Le principe de Carnot. — Commençons par le principe de Carnot. C’est le seul qui ne se présente pas comme une conséquence immédiate de l’hypothèse des forces centrales ; bien mieux, il semble sinon contredire directement cette hypothèse, du moins ne pas se concilier avec elle sans un certain effort. Si les phénomènes physiques étaient dus exclusivement aux mouvements d’atomes dont les attractions mutuelles ne dépendraient que de la distance, il semble que tous ces phénomènes devraient être réversibles ; si toutes les vitesses initiales étaient renversées, ces atomes toujours soumis aux mêmes forces devraient parcourir leurs trajectoires en sens contraire, de même que la terre décrirait dans le sens rétrograde cette même orbite elliptique qu’elle décrit dans le sens direct, si les conditions initiales de son mouvement avaient été renversées. À ce compte, si un phénomène physique est possible, le phénomène inverse doit l’être également et on doit pouvoir remonter le cours du temps. Or, il n’en est pas ainsi dans la Nature, et c’est précisément ce que le principe de Carnot nous enseigne, la chaleur peut passer du corps chaud sur le corps froid, et il est impossible ensuite de lui faire reprendre le chemin inverse et de rétablir des différences de température qui se sont effacées. Le mouvement peut être intégralement dissipé et transformé en chaleur par le frottement ; la transformation contraire ne pourra jamais se faire que d’une manière partielle.

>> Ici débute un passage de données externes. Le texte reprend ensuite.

(* Let $d\ge 3$ and $1\le n\le d-1$ be integers. For $x_1,\dots,x_n\in S^{d-1}$ and $r>0$, let $D_r(x_1,\dots,x_n)$ denote the average of $1/\mathrm{Det}(y_1,\dots,y_n)$ over $(y_1,\dots,y_n)\in B_r(x_1)\times\cdots\times B_r(x_n)$ (with respect to the normalized restriction of $\pi^n$). Then there is a constant $C_{n,d}>0$, depending only on $n$ and $d$, such that $$D_r(x_1,\dots,x_n)\,\mathrm{Det}(x_1,\dots,x_n)<C_{n,d}$$ for all $r>0$ and all $x_1,\dots,x_n\in S^{d-1}$.
   Context: $S^{d-1}$ is the unit sphere in $\mathbb{R}^d$ and $\pi$ the uniform probability measure on it. $B_r(x)=\{y\in S^{d-1}: \text{spherical distance of } x,y <r\}$. For vectors $y_1,\dots,y_m\in\mathbb{R}^d$, $\mathrm{Det}(y_1,\dots,y_m)=\sqrt{\det\big((y_i^{\top}y_j)_{i,j=1}^m\big)}$, the $m$-dimensional volume of the parallelepiped spanned by them. *)

theory Defs
  imports "HOL-Analysis.Analysis"
begin

text \<open>Uniform probability measure on the unit sphere S^{d-1} of a Euclidean space,
  defined as the normalized cone measure: pi(A) = vol{t x : 0 < t <= 1, x in A} / vol(unit ball).\<close>
definition sphere_measure :: "'a::euclidean_space measure" where
  "sphere_measure =
     measure_of (sphere 0 1) (sets (restrict_space borel (sphere 0 1)))
       (\<lambda>A. emeasure lborel {t *\<^sub>R x | t x. 0 < t \<and> t \<le> 1 \<and> x \<in> A}
             / emeasure lborel (ball (0::'a) 1))"

definition sph_dist :: "'a::euclidean_space \<Rightarrow> 'a \<Rightarrow> real" where
  "sph_dist x y = arccos (x \<bullet> y)"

On s’est efforcé de concilier cette apparente contradiction. Si le monde tend vers l’uniformité, ce n’est pas parce que ses parties ultimes, d’abord dissemblables, tendent à devenir de moins en moins différentes, c’est parce que, se déplaçant au hasard, elles finissent par se mélanger. Pour un œil qui distinguerait tous les éléments, la variété resterait toujours aussi grande ; chaque grain de cette poussière conserve son originalité et ne se modèle pas sur ses voisins ; mais comme le mélange devient de plus en plus intime, nos sens grossiers n’aperçoivent plus que l’uniformité. Voilà pourquoi, par exemple, les températures tendent à se niveler sans qu’il soit possible de revenir en arrière.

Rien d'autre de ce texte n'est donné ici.